Herbert’s already talked about getting Williams the ball more, including in the “short game.” If so, that’ll cut down on some of the WR’s volatility.

Overall, 2021 sets up as Williams’ finest situation to date. Barring injury, he’s a great bet for WR3+ value.


T.J. Hockenson, TE, Lions

ADP: TE6

DS Rank: TE4

The Lions lost over 300 targets in offseason departures. Hockenson already saw 100 targets last year, and there’s no doubt his role is locked in entering year 3.

Check the supporting cast. Tyrell Williams missed all of 2020 with a shoulder injury. Breshad Perriman can pass as a situational deep threat but brings injury issues of his own. The 28-year-old hasn’t played a full season since 2016.

Amon-Ra St. Brown looks promising; just remember he’s a 4th-round rookie. Only eight 4th-round rookie WRs in league history have cleared 600 yards.
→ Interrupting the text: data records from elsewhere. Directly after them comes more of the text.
section \<open>The prior\<close>

lemma finite_entry_idx: "finite (entry_idx p)"
  by (rule finite_subset[of _ "{..<p} \<times> {..<p}"]) (auto simp: entry_idx_def)

lemma measurable_prior_u_entry:
  assumes "e \<in> entry_idx p"
  shows "(\<lambda>s. s e) \<in> borel_measurable (prior_u p a b t lam)"
proof -
  define M where "M = (\<lambda>(j::nat, k::nat). if j = k then density lborel (gamma_density 1 (lam / 2))
        else density lborel (offdiag_density a b t))"
  have "(\<lambda>s. s e) \<in> measurable (PiM (entry_idx p) M) (M e)"
    by (rule measurable_component_singleton[OF assms])
  moreover have "sets (M e) = sets borel" by (cases e) (auto simp: M_def)
  ultimately show ?thesis
    unfolding prior_u_def M_def[symmetric] using measurable_cong_sets by blast
qed

lemma sym_mat_of_in_U_set_iff:
  assumes "1 \<le> p" "0 < tau"
  shows "sym_mat_of p s \<in> U_set p tau \<longleftrightarrow> (\<forall>v. form_bounded p tau (\<lambda>i j. s (min i j, max i j)) v)"
proof -
  have "sym_mat_of p s \<in> carrier_mat p p" by (simp add: sym_mat_of_def)
  moreover have "(sym_mat_of p s)\<^sup>T = sym_mat_of p s"
    by (rule eq_matI) (auto simp: sym_mat_of_def min.commute max.commute)
  moreover have "quad_form p (\<lambda>i j. sym_mat_of p s $$ (i, j)) = quad_form p (\<lambda>i j. s (min i j, max i j))"
    unfolding quad_form_def by (intro ext sum.cong refl) (simp add: sym_mat_of_def)
  ultimately show ?thesis
    using U_set_iff_form_bounded[OF _ _ assms] by (simp add: form_bounded_def)
qed

lemma sets_prior_u_U_event:
  assumes "1 \<le> p" "0 < tau"
  shows "{s \<in> space (prior_u p a b t lam). sym_mat_of p s \<in> U_set p tau} \<in> sets (prior_u p a b t lam)"
proof -
  let ?M = "prior_u p a b t lam"
  have "(\<lambda>s. quad_form p (\<lambda>i j. s (min i j, max i j)) v) \<in> borel_measurable ?M"
    "(\<lambda>s. sq_norm p v) \<in> borel_measurable ?M" for v
    unfolding quad_form_def
    by (intro borel_measurable_sum borel_measurable_times borel_measurable_const measurable_prior_u_entry;
        auto simp: entry_idx_def)+
  then have "{s \<in> space ?M. form_bounded p tau (\<lambda>i j. s (min i j, max i j)) v} \<in> sets ?M" for v
    unfolding form_bounded_def by measurable
  then have "{s \<in> space ?M. \<forall>xs::rat list. form_bounded p tau (\<lambda>i j. s (min i j, max i j)) (\<lambda>i. of_rat (xs ! i))}
      \<in> sets ?M"
    by (intro sets.sets_Collect_countable_All)
  then show ?thesis
    by (simp only: sym_mat_of_in_U_set_iff[OF assms] form_bounded_rat_iff)
qed

lemma prior_u_box_subset_U_event:
  assumes "1 \<le> p" "3 < tau"
  shows "(\<Pi>\<^sub>E (j, k)\<in>entry_idx p. if j = k then {tau/4..tau/2} else {- (1 / (4 * real p))..1 / (4 * real p)})
    \<subseteq> {s \<in> space (prior_u p a b t lam). sym_mat_of p s \<in> U_set p tau}"
proof
  fix s assume s: "s \<in> (\<Pi>\<^sub>E (j, k)\<in>entry_idx p. if j = k then {tau/4..tau/2} else {- (1 / (4 * real p))..1 / (4 * real p)})"
  have entry: "s (j, k) \<in> (if j = k then {tau/4..tau/2} else {- (1 / (4 * real p))..1 / (4 * real p)})"
    if "(j, k) \<in> entry_idx p" for j k
    using s that by (auto simp: PiE_iff)
  have "s (i, i) \<in> {tau/4..tau/2}" if "i < p" for i
    using entry[of i i] that by (simp add: entry_idx_def)
  moreover have "\<bar>s (min i j, max i j)\<bar> \<le> 1 / (4 * real p)" if "i < p" "j < p" "i \<noteq> j" for i j
  proof -
    have "(min i j, max i j) \<in> entry_idx p" "min i j \<noteq> max i j"
      using that by (auto simp: entry_idx_def)
    then show ?thesis using entry[of "min i j" "max i j"] by (simp add: abs_le_iff)
  qed
  ultimately have "form_bounded p tau (\<lambda>i j. s (min i j, max i j)) v" for v
    using assms by (intro form_bounded_if_diag_dominant) auto
  moreover have "s \<in> space (prior_u p a b t lam)"
    using s by (auto simp: prior_u_def space_PiM PiE_iff split: prod.splits)
  ultimately show "s \<in> {s \<in> space (prior_u p a b t lam). sym_mat_of p s \<in> U_set p tau}"
    using sym_mat_of_in_U_set_iff[of p tau s] assms by auto
qed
Plus, Hockenson’s adapted well to new QB Jared Goff. While HC Sean McVay’s scheme propped up Goff, the Cal product still delivered strong marks as a short-to-intermediate passer. PFF graded his 2020 throws top-12 in both areas.

Mix in Hockenson’s pedigree as a high 1st-rounder, and it’s easy to see the 24-year-old taking another step forward in 2021.


Tyler Higbee, TE, Rams

ADP: TE12

DS Rank: TE9

After an elite end to 2019, Higbee fell flat last season. He finished TE18 while splitting targets with Gerald Everett (60 vs. 61). Encouragingly, Higbee ranked 8th among 34 TEs in yards per route run (per PFF).

He just ran 322 routes — 21st at the position.

Everett’s now in Seattle, so there’s hope that Higbee handles a larger role.

Rookie TE Jacob Harris has garnered buzz throughout training camp. He’s a guy to watch for sure — but more long term. A Round 4 rookie, Harris comes from UCF as a converted WR. And at 24, he exits school with only 49 career catches.

WRs Robert Woods and Cooper Kupp are the clear top-2 options in this passing game. But the depth chart doesn’t look too crowded beyond those guys.

DeSean Jackson’s injury history is well known. He won’t play close to a full-time role.

Tutu Atwell doesn’t have the size (5’8, 155) to hold up in a full-time role.

Van Jefferson, meanwhile, is coming off a rookie year with 19 catches in 16 games.

And did I mention the QB upgrade from Jared Goff to Matt Stafford? Stafford's ability to push the ball downfield should have the Rams back near the top of the league in scoring. Recall that McVay’s offenses ranked 1st, 2nd and 11th in scoring before dropping to 22nd in 2020.

It all adds up to a “buy” signal on Higbee.